WHAT YOU NEED TO DO: Read the data and repeat all of it exactly.

PROVIDED ENTRIES:

text \<open>
  \<open>Tor\<close> is computed by the Koszul complex of \<open>R/I(T)\<close>, which in internal degree \<open>d\<close> has
  the basis \<open>m e\<^sub>S\<close> with \<open>m\<close> a standard monomial of degree \<open>d - |S|\<close>.  The basis elements in
  which the leaf \<open>v\<^sub>1\<close> does not occur span a direct summand, the Koszul complex of \<open>T'\<close>.  On
  the complementary summand, the differential component "move \<open>v\<^sub>1\<close> from \<open>S\<close> into \<open>m\<close>" is a
  perfect matching with coefficients \<open>\<plusminus>1\<close>, and so is "move \<open>v\<close> into \<open>m\<close>" on what remains;
  cancelling both leaves the elements with \<open>v\<^sub>1 \<in> S\<close>, \<open>v \<notin> S\<close> and \<open>x\<^sub>v\<close>-exponent \<open>1\<close>.
  Such \<open>m\<close> vanishes on all neighbours of \<open>v\<close>, so these elements split into subcomplexes by
  \<open>J = S \<inter> {v\<^sub>2, \<dots>, v\<^sub>n}\<close>, and deleting \<open>v\<^sub>1\<close>, \<open>J\<close> and \<open>x\<^sub>v\<close> identifies each one, up to signs,
  with the Koszul complex of \<open>T''\<close> shifted by \<open>(|J| + 1, |J| + 2)\<close>.  Counting the \<open>J\<close> of each
  size gives the binomial coefficients.
\<close>

section \<open>Dimensions of sums and injective images\<close>

interpretation kv: vector_space "kscale :: 'k::field \<Rightarrow> ('b \<Rightarrow> 'k) \<Rightarrow> 'b \<Rightarrow> 'k"
  by unfold_locales (auto simp: kscale_def fun_eq_iff algebra_simps)

context vector_space
begin

lemma obtain_finite_basis:
  assumes "U \<subseteq> span F" "finite F"
  obtains B where "B \<subseteq> U" "independent B" "U \<subseteq> span B" "card B = dim U" "finite B"
proof -
  obtain B where B: "B \<subseteq> U" "independent B" "U \<subseteq> span B" "card B = dim U"
    using basis_exists by blast
  moreover have "finite B"
    using independent_span_bound[OF assms(2) B(2)] B(1) assms(1) by blast
  ultimately show ?thesis using that by blast
qed

lemma dim_subset_finite_span:
  assumes "U \<subseteq> W" "W \<subseteq> span F" "finite F"
  shows "dim U \<le> dim W"
proof -
  obtain BU where BU: "BU \<subseteq> U" "independent BU" "U \<subseteq> span BU" "card BU = dim U"
    using basis_exists by blast
  obtain BW where BW: "BW \<subseteq> W" "independent BW" "W \<subseteq> span BW" "card BW = dim W" "finite BW"
    using obtain_finite_basis assms(2,3) by blast
  have "BU \<subseteq> span BW" using BU(1) assms(1) BW(3) by blast
  from independent_span_bound[OF BW(5) BU(2) this] show ?thesis using BU(4) BW(4) by simp
qed

lemma independent_Un_Int_zero:
  assumes U: "subspace U" and W: "subspace W" and UW: "U \<inter> W = {0}"
    and B: "B \<subseteq> U" "independent B" "finite B"
    and C: "C \<subseteq> W" "independent C" "finite C"
  shows "independent (B \<union> C)"
proof
  assume "dependent (B \<union> C)"
  then obtain u where nz: "\<exists>x\<in>B \<union> C. u x \<noteq> 0" and sum0: "(\<Sum>x\<in>B \<union> C. u x *s x) = 0"
    using dependent_finite B(3) C(3) by auto
  define a where "a = (\<Sum>x\<in>B. u x *s x)"
  define b where "b = (\<Sum>x\<in>C. u x *s x)"
  have "0 \<notin> B" using B(2) dependent_zero by blast
  moreover have "B \<inter> C \<subseteq> U \<inter> W" using B(1) C(1) by blast
  ultimately have "B \<inter> C = {}" using UW by auto
  then have "a + b = 0"
    using sum0 B(3) C(3) by (simp add: a_def b_def sum.union_disjoint)
  then have ab: "a = - b" by (simp add: eq_neg_iff_add_eq_0)
  have "a \<in> U" "b \<in> W"
    unfolding a_def b_def using B(1) C(1) by (auto intro!: subspace_sum subspace_scale U W)
  then have "a \<in> U \<inter> W" using ab subspace_neg[OF W] by simp
  then have "a = 0" "b = 0" using UW ab by auto
  then have "\<forall>x\<in>B. u x = 0" "\<forall>x\<in>C. u x = 0"
    using independentD[OF B(2,3) order_refl] independentD[OF C(2,3) order_refl]
    unfolding a_def b_def by blast+
  with nz show False by blast
qed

WORKED SOLUTION:
text \<open>
  \<open>Tor\<close> is computed by the Koszul complex of \<open>R/I(T)\<close>, which in internal degree \<open>d\<close> has
  the basis \<open>m e\<^sub>S\<close> with \<open>m\<close> a standard monomial of degree \<open>d - |S|\<close>.  The basis elements in
  which the leaf \<open>v\<^sub>1\<close> does not occur span a direct summand, the Koszul complex of \<open>T'\<close>.  On
  the complementary summand, the differential component "move \<open>v\<^sub>1\<close> from \<open>S\<close> into \<open>m\<close>" is a
  perfect matching with coefficients \<open>\<plusminus>1\<close>, and so is "move \<open>v\<close> into \<open>m\<close>" on what remains;
  cancelling both leaves the elements with \<open>v\<^sub>1 \<in> S\<close>, \<open>v \<notin> S\<close> and \<open>x\<^sub>v\<close>-exponent \<open>1\<close>.
  Such \<open>m\<close> vanishes on all neighbours of \<open>v\<close>, so these elements split into subcomplexes by
  \<open>J = S \<inter> {v\<^sub>2, \<dots>, v\<^sub>n}\<close>, and deleting \<open>v\<^sub>1\<close>, \<open>J\<close> and \<open>x\<^sub>v\<close> identifies each one, up to signs,
  with the Koszul complex of \<open>T''\<close> shifted by \<open>(|J| + 1, |J| + 2)\<close>.  Counting the \<open>J\<close> of each
  size gives the binomial coefficients.
\<close>

section \<open>Dimensions of sums and injective images\<close>

interpretation kv: vector_space "kscale :: 'k::field \<Rightarrow> ('b \<Rightarrow> 'k) \<Rightarrow> 'b \<Rightarrow> 'k"
  by unfold_locales (auto simp: kscale_def fun_eq_iff algebra_simps)

context vector_space
begin

lemma obtain_finite_basis:
  assumes "U \<subseteq> span F" "finite F"
  obtains B where "B \<subseteq> U" "independent B" "U \<subseteq> span B" "card B = dim U" "finite B"
proof -
  obtain B where B: "B \<subseteq> U" "independent B" "U \<subseteq> span B" "card B = dim U"
    using basis_exists by blast
  moreover have "finite B"
    using independent_span_bound[OF assms(2) B(2)] B(1) assms(1) by blast
  ultimately show ?thesis using that by blast
qed

lemma dim_subset_finite_span:
  assumes "U \<subseteq> W" "W \<subseteq> span F" "finite F"
  shows "dim U \<le> dim W"
proof -
  obtain BU where BU: "BU \<subseteq> U" "independent BU" "U \<subseteq> span BU" "card BU = dim U"
    using basis_exists by blast
  obtain BW where BW: "BW \<subseteq> W" "independent BW" "W \<subseteq> span BW" "card BW = dim W" "finite BW"
    using obtain_finite_basis assms(2,3) by blast
  have "BU \<subseteq> span BW" using BU(1) assms(1) BW(3) by blast
  from independent_span_bound[OF BW(5) BU(2) this] show ?thesis using BU(4) BW(4) by simp
qed

lemma independent_Un_Int_zero:
  assumes U: "subspace U" and W: "subspace W" and UW: "U \<inter> W = {0}"
    and B: "B \<subseteq> U" "independent B" "finite B"
    and C: "C \<subseteq> W" "independent C" "finite C"
  shows "independent (B \<union> C)"
proof
  assume "dependent (B \<union> C)"
  then obtain u where nz: "\<exists>x\<in>B \<union> C. u x \<noteq> 0" and sum0: "(\<Sum>x\<in>B \<union> C. u x *s x) = 0"
    using dependent_finite B(3) C(3) by auto
  define a where "a = (\<Sum>x\<in>B. u x *s x)"
  define b where "b = (\<Sum>x\<in>C. u x *s x)"
  have "0 \<notin> B" using B(2) dependent_zero by blast
  moreover have "B \<inter> C \<subseteq> U \<inter> W" using B(1) C(1) by blast
  ultimately have "B \<inter> C = {}" using UW by auto
  then have "a + b = 0"
    using sum0 B(3) C(3) by (simp add: a_def b_def sum.union_disjoint)
  then have ab: "a = - b" by (simp add: eq_neg_iff_add_eq_0)
  have "a \<in> U" "b \<in> W"
    unfolding a_def b_def using B(1) C(1) by (auto intro!: subspace_sum subspace_scale U W)
  then have "a \<in> U \<inter> W" using ab subspace_neg[OF W] by simp
  then have "a = 0" "b = 0" using UW ab by auto
  then have "\<forall>x\<in>B. u x = 0" "\<forall>x\<in>C. u x = 0"
    using independentD[OF B(2,3) order_refl] independentD[OF C(2,3) order_refl]
    unfolding a_def b_def by blast+
  with nz show False by blast
qed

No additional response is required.